What the exercise asks:
If a line in the records below contains "dest", copy that line.

*** Task input ***

section \<open>The support of \<open>\<mu>\<close> inside the arc \<open>|\<theta>| < \<Theta>\<close>\<close>

lemma unit_circle_Arg:
  assumes "cmod x = 1"
  shows "x = cis (Arg x)" "-pi < Arg x" "Arg x \<le> pi" "Re x = cos \<bar>Arg x\<bar>"
proof -
  have "x \<noteq> 0" using assms by auto
  then have "cis (Arg x) = sgn x" by (rule cis_Arg)
  also have "sgn x = x" using assms by (simp add: sgn_div_norm)
  finally show x: "x = cis (Arg x)" by simp
  have "Re x = cos (Arg x)" by (subst x) simp
  then show "Re x = cos \<bar>Arg x\<bar>" by simp
  show "-pi < Arg x" "Arg x \<le> pi" by (rule mpi_less_Arg, rule Arg_le_pi)
qed

locale inner_support_enumeration =
  fixes \<mu> :: "complex measure" and \<theta> :: "nat \<Rightarrow> real"
  assumes prob: "prob_space \<mu>" and sets_\<mu>: "sets \<mu> = sets borel"
    and on_circle: "emeasure \<mu> (sphere 0 1) = 1"
    and bij: "bij_betw \<theta> UNIV {\<phi>. -pi < \<phi> \<and> \<phi> \<le> pi \<and> \<bar>\<phi>\<bar> < Theta \<mu> \<and> cis \<phi> \<in> supp_meas \<mu>}"
    and mono_abs: "mono (\<lambda>k. \<bar>\<theta> k\<bar>)"
begin

abbreviation node :: "nat \<Rightarrow> complex" where "node k \<equiv> cis (\<theta> k)"

abbreviation mass :: "nat \<Rightarrow> real" where "mass k \<equiv> measure \<mu> {node k}"

lemma theta_in_range: "-pi < \<theta> k" "\<theta> k \<le> pi" "\<bar>\<theta> k\<bar> < Theta \<mu>" "node k \<in> supp_meas \<mu>"
  using bij_betwE[OF bij] by auto

lemma inj_theta: "inj \<theta>"
  using bij by (simp add: bij_betw_def)

lemma theta_surj:
  assumes "-pi < \<phi>" "\<phi> \<le> pi" "\<bar>\<phi>\<bar> < Theta \<mu>" "cis \<phi> \<in> supp_meas \<mu>"
  obtains k where "\<theta> k = \<phi>"
proof -
  have "\<phi> \<in> range \<theta>" using assms bij by (simp add: bij_betw_def)
  then show ?thesis using that by blast
qed

lemma abs_theta_mono: "k \<le> l \<Longrightarrow> \<bar>\<theta> k\<bar> \<le> \<bar>\<theta> l\<bar>"
  using mono_abs by (auto dest: monoD)

lemma less_of_abs_theta_less: "\<bar>\<theta> k\<bar> < \<bar>\<theta> l\<bar> \<Longrightarrow> k < l"
  using abs_theta_mono[of l k] by (cases "k < l") auto

lemma cos_theta_less: "\<bar>\<theta> k\<bar> < \<bar>\<theta> l\<bar> \<Longrightarrow> cos (\<theta> l) < cos (\<theta> k)"
  using cos_mono_less_eq[of "\<bar>\<theta> l\<bar>" "\<bar>\<theta> k\<bar>"] theta_in_range(1,2)[of k] theta_in_range(1,2)[of l]
  by simp

lemma inj_node: "inj node"
proof (rule injI)
  fix k l assume "node k = node l"
  then have "Arg (node k) = Arg (node l)" by simp
  then have "\<theta> k = \<theta> l" using theta_in_range[of k] theta_in_range[of l] by (simp add: Arg_cis)
  then show "k = l" using inj_theta by (simp add: inj_eq)
qed

text \<open>At most two angles share the same modulus, \<open>\<theta>\<close> and \<open>-\<theta>\<close>.\<close>
lemma abs_theta_less_Suc_Suc: "\<bar>\<theta> k\<bar> < \<bar>\<theta> (Suc (Suc k))\<bar>"
proof (rule ccontr)
  assume "\<not> ?thesis"
  then have "\<bar>\<theta> (Suc (Suc k))\<bar> = \<bar>\<theta> k\<bar>" "\<bar>\<theta> (Suc k)\<bar> = \<bar>\<theta> k\<bar>"
    using abs_theta_mono[of k "Suc k"] abs_theta_mono[of "Suc k" "Suc (Suc k)"] by simp_all
  moreover have "\<theta> (Suc k) \<noteq> \<theta> k" "\<theta> (Suc (Suc k)) \<noteq> \<theta> k" "\<theta> (Suc (Suc k)) \<noteq> \<theta> (Suc k)"
    using inj_theta by (auto dest: injD)
  ultimately show False by (auto simp: abs_if split: if_splits)
qed
definition L2_proj :: "nat \<Rightarrow> (nat \<Rightarrow> real \<Rightarrow> complex) \<Rightarrow> (nat \<Rightarrow> real \<Rightarrow> complex) \<Rightarrow> nat \<Rightarrow> real \<Rightarrow> complex" where
  "L2_proj N G H j x = (L2_inner N H G / L2_inner N G G) * G j x"

end

(* On functions f(j) e^{2 pi i k x} the transfer operator acts as e^{-2 pi i k beta_1} (Id + eps Wd)
   on f, because for S = 1 or k = 0 every shift alpha_j produces the same phase. Hence its
   eigenfunctions of this form come exactly from eigenvectors of the real symmetric matrix Wd.
   Expanding an eigenvector in the orthonormal eigenbasis f^(l), self-adjointness kills every
   coefficient belonging to a different eigenvalue; as Wd has N distinct eigenvalues, these are
   all coefficients but one, so the eigenvector is a multiple of a single f^(l). A nonzero
   multiple spans the same line and therefore has the same orthogonal projection. *)
theory Submission
  imports Defs "Jordan_Normal_Form.Determinant"
begin

definition vec_inner :: "nat \<Rightarrow> (nat \<Rightarrow> complex) \<Rightarrow> (nat \<Rightarrow> complex) \<Rightarrow> complex" where
  "vec_inner N u v = (\<Sum>j=1..N. u j * cnj (v j))"

definition mat_vec :: "nat \<Rightarrow> (nat \<Rightarrow> nat \<Rightarrow> real) \<Rightarrow> (nat \<Rightarrow> complex) \<Rightarrow> nat \<Rightarrow> complex" where
  "mat_vec N A v i = (\<Sum>j=1..N. complex_of_real (A i j) * v j)"

definition orthonormal_on :: "nat \<Rightarrow> (nat \<Rightarrow> nat \<Rightarrow> complex) \<Rightarrow> bool" where
  "orthonormal_on N f \<longleftrightarrow>
     (\<forall>l\<in>{1..N}. \<forall>m\<in>{1..N}. vec_inner N (f l) (f m) = (if l = m then 1 else 0))"

lemma vec_inner_cong:
  assumes "\<And>j. j \<in> {1..N} \<Longrightarrow> u j = u' j" "\<And>j. j \<in> {1..N} \<Longrightarrow> v j = v' j"
  shows "vec_inner N u v = vec_inner N u' v'"
  using assms unfolding vec_inner_def by (intro sum.cong) auto

lemma vec_inner_scale_left: "vec_inner N (\<lambda>j. c * u j) v = c * vec_inner N u v"
  by (simp add: vec_inner_def sum_distrib_left mult.assoc)

lemma vec_inner_scale_right: "vec_inner N u (\<lambda>j. c * v j) = cnj c * vec_inner N u v"
  by (simp add: vec_inner_def sum_distrib_left mult_ac)

lemma mat_vec_cong:
  assumes "\<And>j. j \<in> {1..N} \<Longrightarrow> v j = v' j"
  shows "mat_vec N A v i = mat_vec N A v' i"
  using assms unfolding mat_vec_def by (intro sum.cong) auto

lemma mat_vec_scale: "mat_vec N A (\<lambda>j. c * v j) i = c * mat_vec N A v i"
  by (simp add: mat_vec_def sum_distrib_left mult_ac)

text \<open>A square matrix with orthonormal rows also has orthonormal columns, since a
  one-sided inverse of a square matrix is two-sided.\<close>
lemma orthonormal_on_dual:
  assumes orth: "orthonormal_on N f" and "i \<in> {1..N}" "j \<in> {1..N}"
  shows "(\<Sum>l=1..N. cnj (f l i) * f l j) = (if i = j then 1 else 0)"
proof -
  define A where "A = Matrix.mat N N (\<lambda>(l, j). f (Suc l) (Suc j))"
  define B where "B = Matrix.mat N N (\<lambda>(j, m). cnj (f (Suc m) (Suc j)))"
  have A: "A \<in> carrier_mat N N" and B: "B \<in> carrier_mat N N"
    by (auto simp: A_def B_def)
  have "A * B = 1\<^sub>m N"
  proof (rule eq_matI)
    fix a b assume ab: "a < dim_row (1\<^sub>m N)" "b < dim_col (1\<^sub>m N)"
    have "(A * B) $$ (a, b) = vec_inner N (f (Suc a)) (f (Suc b))"
      using ab by (auto simp: A_def B_def scalar_prod_def vec_inner_def
          sum.atLeast1_atMost_eq lessThan_atLeast0 intro!: sum.cong)
    then show "(A * B) $$ (a, b) = 1\<^sub>m N $$ (a, b)"
      using orth ab by (auto simp: orthonormal_on_def)
  qed (auto simp: A_def B_def)
  then have "B * A = 1\<^sub>m N"
    using mat_mult_left_right_inverse[OF A B] by blast
  moreover have "(B * A) $$ (i - 1, j - 1) = (\<Sum>l=1..N. cnj (f l i) * f l j)"
    using assms by (auto simp: A_def B_def scalar_prod_def
        sum.atLeast1_atMost_eq lessThan_atLeast0 intro!: sum.cong)
  moreover have "i - 1 = j - 1 \<longleftrightarrow> i = j"
    using assms by auto
  ultimately show ?thesis
    using assms by auto
qed

lemma orthonormal_on_expansion:
  assumes orth: "orthonormal_on N f" and j: "j \<in> {1..N}"
  shows "g j = (\<Sum>l=1..N. vec_inner N g (f l) * f l j)"
proof -
  have "(\<Sum>l=1..N. vec_inner N g (f l) * f l j)
      = (\<Sum>l=1..N. \<Sum>i=1..N. g i * (cnj (f l i) * f l j))"
    by (simp add: vec_inner_def sum_distrib_right mult.assoc)
  also have "\<dots> = (\<Sum>i=1..N. g i * (\<Sum>l=1..N. cnj (f l i) * f l j))"
    by (subst sum.swap) (simp add: sum_distrib_left)
  also have "\<dots> = (\<Sum>i=1..N. if i = j then g i else 0)"
    using orthonormal_on_dual[OF orth _ j] by (intro sum.cong) auto
  also have "\<dots> = g j"
    using j by simp
  finally show ?thesis ..
qed

lemma orthonormal_on_nonzero:
  assumes "orthonormal_on N f" "l \<in> {1..N}"
  shows "\<exists>j\<in>{1..N}. f l j \<noteq> 0"
proof (rule ccontr)
  assume "\<not> ?thesis"
  then have "vec_inner N (f l) (f l) = 0"
    by (simp add: vec_inner_def)
  then show False
    using assms by (simp add: orthonormal_on_def)
qed

lemma orthonormal_on_coeff_nonzero:
  assumes orth: "orthonormal_on N f" and "\<exists>j\<in>{1..N}. g j \<noteq> 0"
  shows "\<exists>l\<in>{1..N}. vec_inner N g (f l) \<noteq> 0"
proof (rule ccontr)
  assume "\<not> ?thesis"
  then have "g j = 0" if "j \<in> {1..N}" for j
    using orthonormal_on_expansion[OF orth that, of g] by simp
  then show False
    using assms(2) by blast
qed

lemma mat_vec_adjoint:
  assumes "\<And>i j. i \<in> {1..N} \<Longrightarrow> j \<in> {1..N} \<Longrightarrow> A i j = A j i"
  shows "vec_inner N (mat_vec N A u) v = vec_inner N u (mat_vec N A v)"
proof -
  have "vec_inner N (mat_vec N A u) v
      = (\<Sum>i=1..N. \<Sum>j=1..N. complex_of_real (A i j) * u j * cnj (v i))"
    by (simp add: vec_inner_def mat_vec_def sum_distrib_right)
  also have "\<dots> = (\<Sum>j=1..N. \<Sum>i=1..N. u j * (complex_of_real (A j i) * cnj (v i)))"
    using assms by (subst sum.swap) (intro sum.cong refl, simp add: mult_ac)
  also have "\<dots> = vec_inner N u (mat_vec N A v)"
    by (simp add: vec_inner_def mat_vec_def sum_distrib_left)
  finally show ?thesis .
qed

lemma symmetric_eigenvalue_pairing:
  assumes "\<And>i j. i \<in> {1..N} \<Longrightarrow> j \<in> {1..N} \<Longrightarrow> A i j = A j i"
    and "\<forall>i\<in>{1..N}. mat_vec N A u i = \<nu> * u i"
    and "\<forall>i\<in>{1..N}. mat_vec N A v i = \<mu> * v i"
  shows "\<nu> * vec_inner N u v = cnj \<mu> * vec_inner N u v"
proof -
  have "\<nu> * vec_inner N u v = vec_inner N (\<lambda>i. \<nu> * u i) v"
    by (rule vec_inner_scale_left[symmetric])
  also have "\<dots> = vec_inner N (mat_vec N A u) v"
    using assms(2) by (intro vec_inner_cong) auto
  also have "\<dots> = vec_inner N u (mat_vec N A v)"
    using assms(1) by (rule mat_vec_adjoint)
  also have "\<dots> = vec_inner N u (\<lambda>i. \<mu> * v i)"
    using assms(3) by (intro vec_inner_cong) auto
  also have "\<dots> = cnj \<mu> * vec_inner N u v"
    by (rule vec_inner_scale_right)
  finally show ?thesis .
qed

locale symmetric_eigenbasis =
  fixes N :: nat and A :: "nat \<Rightarrow> nat \<Rightarrow> real"
    and f :: "nat \<Rightarrow> nat \<Rightarrow> complex" and \<mu> :: "nat \<Rightarrow> complex"
  assumes symmetric: "\<And>i j. i \<in> {1..N} \<Longrightarrow> j \<in> {1..N} \<Longrightarrow> A i j = A j i"
    and orthonormal: "orthonormal_on N f"
    and eigenvector: "\<And>l. l \<in> {1..N} \<Longrightarrow> \<forall>i\<in>{1..N}. mat_vec N A (f l) i = \<mu> l * f l i"
begin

*** End of Task input ***

Written solution:
  using mono_abs by (auto dest: monoD)
    using inj_theta by (auto dest: injD)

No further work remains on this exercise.